*About this task:* The answer must be an exact copy of the lines from the one containing "define b where" through the final line of the material, both included, and nothing else.

*** Begin section ***

lemma parseval:
  fixes c :: "'i \<Rightarrow> real" and y :: "'i \<Rightarrow> int"
  assumes "finite I"
  shows "((\<lambda>t. (cmod (\<Sum>i\<in>I. complex_of_real (c i) * cis (2*pi*t*real_of_int (y i))))^2)
           has_integral (\<Sum>i\<in>I. \<Sum>j\<in>I. if y i = y j then c i * c j else 0)) {0..1}"
proof -
  have "((\<lambda>t. \<Sum>i\<in>I. \<Sum>j\<in>I. c i * c j * cos (2*pi*real_of_int (y i - y j)*t)) has_integral
        (\<Sum>i\<in>I. \<Sum>j\<in>I. c i * c j * (if y i - y j = 0 then 1 else 0))) {0..1}"
    by (intro has_integral_sum assms has_integral_mult_right cos_integral)
  then show ?thesis
    by (subst trig_poly_norm_sq[OF assms]) (simp add: if_distrib cong: if_cong)
qed

lemma grouped_cauchy_schwarz:
  fixes c :: "'i \<Rightarrow> real" and s :: "int \<Rightarrow> real" and y :: "'i \<Rightarrow> int"
  assumes "finite I" "finite Y" "\<forall>i\<in>I. y i \<in> Y"
  shows "(\<Sum>i\<in>I. c i * s (y i))^2 \<le> (\<Sum>i\<in>I. \<Sum>j\<in>I. if y i = y j then c i * c j else 0) * (\<Sum>n\<in>Y. (s n)^2)"
proof -
  define b where "b n = (\<Sum>i\<in>I. if y i = n then c i else 0)" for n
  have collapse: "(\<Sum>n\<in>Y. \<Sum>i\<in>I. if y i = n then g i n else 0) = (\<Sum>i\<in>I. g i (y i))"
    for g :: "'i \<Rightarrow> int \<Rightarrow> real"
  proof -
    have "(\<Sum>n\<in>Y. \<Sum>i\<in>I. if y i = n then g i n else 0) = (\<Sum>i\<in>I. \<Sum>n\<in>Y. if y i = n then g i n else 0)"
      by (rule sum.swap)
    also have "\<dots> = (\<Sum>i\<in>I. g i (y i))"
      using assms(2,3) by (intro sum.cong refl) (simp add: if_distrib cong: if_cong)
    finally show ?thesis .
  qed
  have "(\<Sum>n\<in>Y. b n * s n) = (\<Sum>n\<in>Y. \<Sum>i\<in>I. if y i = n then c i * s n else 0)"
    unfolding b_def sum_distrib_right by (intro sum.cong refl) auto
  also have "\<dots> = (\<Sum>i\<in>I. c i * s (y i))" by (rule collapse)
  finally have grouped: "(\<Sum>i\<in>I. c i * s (y i)) = (\<Sum>n\<in>Y. b n * s n)" ..
  have "(\<Sum>n\<in>Y. (b n)^2) = (\<Sum>n\<in>Y. \<Sum>i\<in>I. if y i = n then c i * b n else 0)"
    unfolding power2_eq_square b_def[of n for n] sum_distrib_right by (intro sum.cong refl) auto
  also have "\<dots> = (\<Sum>i\<in>I. c i * b (y i))" by (rule collapse)
  also have "\<dots> = (\<Sum>i\<in>I. \<Sum>j\<in>I. if y i = y j then c i * c j else 0)"
    unfolding b_def by (intro sum.cong refl) (simp add: sum_distrib_left if_distrib eq_commute cong: if_cong)
  finally show ?thesis using Cauchy_Schwarz_ineq_sum[of b s Y] grouped by simp
qed

lemma e_cis: "e (complex_of_real r) = cis (2*pi*r)"
  by (simp add: e_def cis_conv_exp mult_ac)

*** End section ***

*Answer section:*
  define b where "b n = (\<Sum>i\<in>I. if y i = n then c i else 0)" for n
  have collapse: "(\<Sum>n\<in>Y. \<Sum>i\<in>I. if y i = n then g i n else 0) = (\<Sum>i\<in>I. g i (y i))"
    for g :: "'i \<Rightarrow> int \<Rightarrow> real"
  proof -
    have "(\<Sum>n\<in>Y. \<Sum>i\<in>I. if y i = n then g i n else 0) = (\<Sum>i\<in>I. \<Sum>n\<in>Y. if y i = n then g i n else 0)"
      by (rule sum.swap)
    also have "\<dots> = (\<Sum>i\<in>I. g i (y i))"
      using assms(2,3) by (intro sum.cong refl) (simp add: if_distrib cong: if_cong)
    finally show ?thesis .
  qed
  have "(\<Sum>n\<in>Y. b n * s n) = (\<Sum>n\<in>Y. \<Sum>i\<in>I. if y i = n then c i * s n else 0)"
    unfolding b_def sum_distrib_right by (intro sum.cong refl) auto
  also have "\<dots> = (\<Sum>i\<in>I. c i * s (y i))" by (rule collapse)
  finally have grouped: "(\<Sum>i\<in>I. c i * s (y i)) = (\<Sum>n\<in>Y. b n * s n)" ..
  have "(\<Sum>n\<in>Y. (b n)^2) = (\<Sum>n\<in>Y. \<Sum>i\<in>I. if y i = n then c i * b n else 0)"
    unfolding power2_eq_square b_def[of n for n] sum_distrib_right by (intro sum.cong refl) auto
  also have "\<dots> = (\<Sum>i\<in>I. c i * b (y i))" by (rule collapse)
  also have "\<dots> = (\<Sum>i\<in>I. \<Sum>j\<in>I. if y i = y j then c i * c j else 0)"
    unfolding b_def by (intro sum.cong refl) (simp add: sum_distrib_left if_distrib eq_commute cong: if_cong)
  finally show ?thesis using Cauchy_Schwarz_ineq_sum[of b s Y] grouped by simp
qed

lemma e_cis: "e (complex_of_real r) = cis (2*pi*r)"
  by (simp add: e_def cis_conv_exp mult_ac)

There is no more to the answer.